Compiler-Assisted Speculative Sampling for Accelerated LLM Inference on Heterogeneous Edge Devices
Alejandro Ruiz y Mesa, Guilherme Korol, Moritz Riesterer, João Paulo Cardoso de Lima, Jeronimo Castrillon
TL;DR
Edge-LMMs suffer high latency on resource-constrained devices; the paper proposes compiler-assisted speculative sampling with a cost model to jointly optimize when to speculate and how to map the work onto heterogeneous edge PUs. Leveraging IREE/MLIR, the approach enables hardware-aware draft/target partitioning and end-to-end optimization, validated on silicon. Key contributions include a cost-model-guided decision framework, compiler-level abstractions for speculative sampling, and empirical gains of up to $1.68\times$ on real edge hardware with a measured deviation of about $4\%$ from analytic predictions.
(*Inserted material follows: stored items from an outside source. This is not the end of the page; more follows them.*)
section \<open>Approximation guarantee\<close>

lemma sum_bidders_item_le:
  assumes "feasible_alloc n M T" and le: "\<And>i. i < n \<Longrightarrow> v i x \<le> c" and "0 \<le> c"
  shows "(\<Sum>i<n. if x \<in> T i then v i x else 0) \<le> c"
proof (cases "\<exists>i0<n. x \<in> T i0")
  case True
  then obtain i0 where i0: "i0 < n" "x \<in> T i0" by blast
  have "x \<notin> T i" if "i < n" "i \<noteq> i0" for i
    using assms(1) i0 that unfolding feasible_alloc_def by blast
  then have "(\<Sum>i<n. if x \<in> T i then v i x else 0) = (\<Sum>i<n. if i = i0 then v i0 x else 0)"
    using i0 by (intro sum.cong) auto
  also have "\<dots> = v i0 x" using i0 by simp
  finally show ?thesis using le[OF i0(1)] by simp
next
  case False
  then show ?thesis using assms(3) by simp
qed

lemma OPT_le_sum_item_bounds:
  fixes c :: "'m \<Rightarrow> real"
  assumes "finite M" and le: "\<And>i x. i < n \<Longrightarrow> x \<in> M \<Longrightarrow> v i x \<le> c x"
    and nonneg: "\<And>x. x \<in> M \<Longrightarrow> 0 \<le> c x"
  shows "OPT n M v \<le> (\<Sum>x\<in>M. c x)"
  unfolding OPT_def
proof (rule cSup_least)
  show "{\<Sum>i<n. sum (v i) (T i) |T. feasible_alloc n M T} \<noteq> {}"
    using feasible_alloc_def[of n M "\<lambda>_. {}"] by auto
next
  fix y assume "y \<in> {\<Sum>i<n. sum (v i) (T i) |T. feasible_alloc n M T}"
  then obtain T where T: "feasible_alloc n M T" and y: "y = (\<Sum>i<n. sum (v i) (T i))" by blast
  have "sum (v i) (T i) = (\<Sum>x\<in>M. if x \<in> T i then v i x else 0)" if "i < n" for i
    using T that sum.inter_restrict[OF assms(1), of "v i" "T i"] unfolding feasible_alloc_def
    by (simp add: Int_absorb1)
  then have "y = (\<Sum>i<n. \<Sum>x\<in>M. if x \<in> T i then v i x else 0)"
    unfolding y by simp
  also have "\<dots> = (\<Sum>x\<in>M. \<Sum>i<n. if x \<in> T i then v i x else 0)"
    by (rule sum.swap)
  also have "\<dots> \<le> (\<Sum>x\<in>M. c x)"
    using le nonneg by (intro sum_mono sum_bidders_item_le[OF T]) auto
  finally show "y \<le> (\<Sum>x\<in>M. c x)" .
qed

lemma OPT_le_four_expected_welfare:
  assumes "set xs = M" "distinct xs" "\<forall>i<n. v i \<in> additive_vals M"
  shows "OPT n M v \<le> 4 * (\<integral>x. welfare n (fst x) (snd x) v \<partial>random_split_mech n xs)"
proof (cases "n = 0")
  case True
  then have "OPT n M v \<le> 0" using OPT_le_sum_item_bounds[of M n v "\<lambda>_. 0"] assms(1) by auto
  then show ?thesis using True by (simp add: integral_random_split_mech welfare_def)
next
  case False
  have nonneg: "\<forall>i<n. \<forall>x\<in>set xs. 0 \<le> v i x" using assms(1,3) by (auto simp: additive_vals_def)
  have "OPT n M v \<le> (\<Sum>x\<in>M. v (top_bidder n v x) x)"
    using value_le_top_bidder top_bidder_maximal[of n v] False nonneg assms(1)
    by (intro OPT_le_sum_item_bounds) auto
  also have "\<dots> \<le> 4 * (\<Sum>R\<in>Pow {..<n}. welfare n (fst (split_instance n xs R)) (snd (split_instance n xs R)) v) / 2 ^ n"
    using sum_top_values_le_welfare[OF assms(2) _ nonneg] False assms(1)
    by (simp add: pos_le_divide_eq mult.commute)
  finally show ?thesis by (simp add: integral_random_split_mech)
qed

theorem theorem4p1:
  fixes M :: "'m set" and n :: nat
  assumes "finite M"
  shows "\<exists>D :: ('m mtree \<times> 'm strategies) measure.
           prob_space D \<and>
           (\<forall>x\<in>space D. osp n M (fst x) (snd x)) \<and>
           (\<forall>v. (\<forall>i<n. v i \<in> additive_vals M) \<longrightarrow>
                (\<lambda>x. welfare n (fst x) (snd x) v) \<in> borel_measurable D \<and>
                OPT n M v \<le> 4 * (\<integral>x. welfare n (fst x) (snd x) v \<partial>D))"
proof -
  obtain xs where xs: "set xs = M" "distinct xs" using finite_distinct_list[OF assms] by blast
  have "osp n M (fst x) (snd x)" if "x \<in> space (random_split_mech n xs)" for x
    using that osp_split_instance[OF xs(2,1)] by (auto simp: space_random_split_mech)
  then show ?thesis
    using prob_space_random_split_mech borel_measurable_random_split_mech
      OPT_le_four_expected_welfare[OF xs] by blast
qed

end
This work enables practical, low-latency edge deployment of autoregressive LLMs by unifying algorithmic acceleration with hardware-aware compiler mappings.
Abstract
LLM deployment on resource-constrained edge devices faces severe latency constraints, particularly in real-time applications where delayed responses can compromise safety or usability. Among many approaches to mitigate the inefficiencies of sequential token-by-token generation, Speculative Decoding (SD) has emerged as a promising technique. However, SD at the edge is hindered by two major challenges: (1) integrating SD into a compiler-based workflow without sacrificing performance or programmability, and (2) exploiting the heterogeneous compute resources of modern SoCs through carefully designed partitioning strategies. This work addresses these challenges by using an analytical cost model that explores heterogeneous hardware configurations and guides coarse-grained partitioning of LLM subgraphs, particularly with edge-typical short input sequence lengths. The cost model predicts when speculative sampling and heterogeneous execution are jointly beneficial and is validated on an edge device featuring a hexacore Cortex-A CPU and a Mali GPU, revealing up to 1.68$\times$ speedup for translation tasks, closely matching analytic expectations.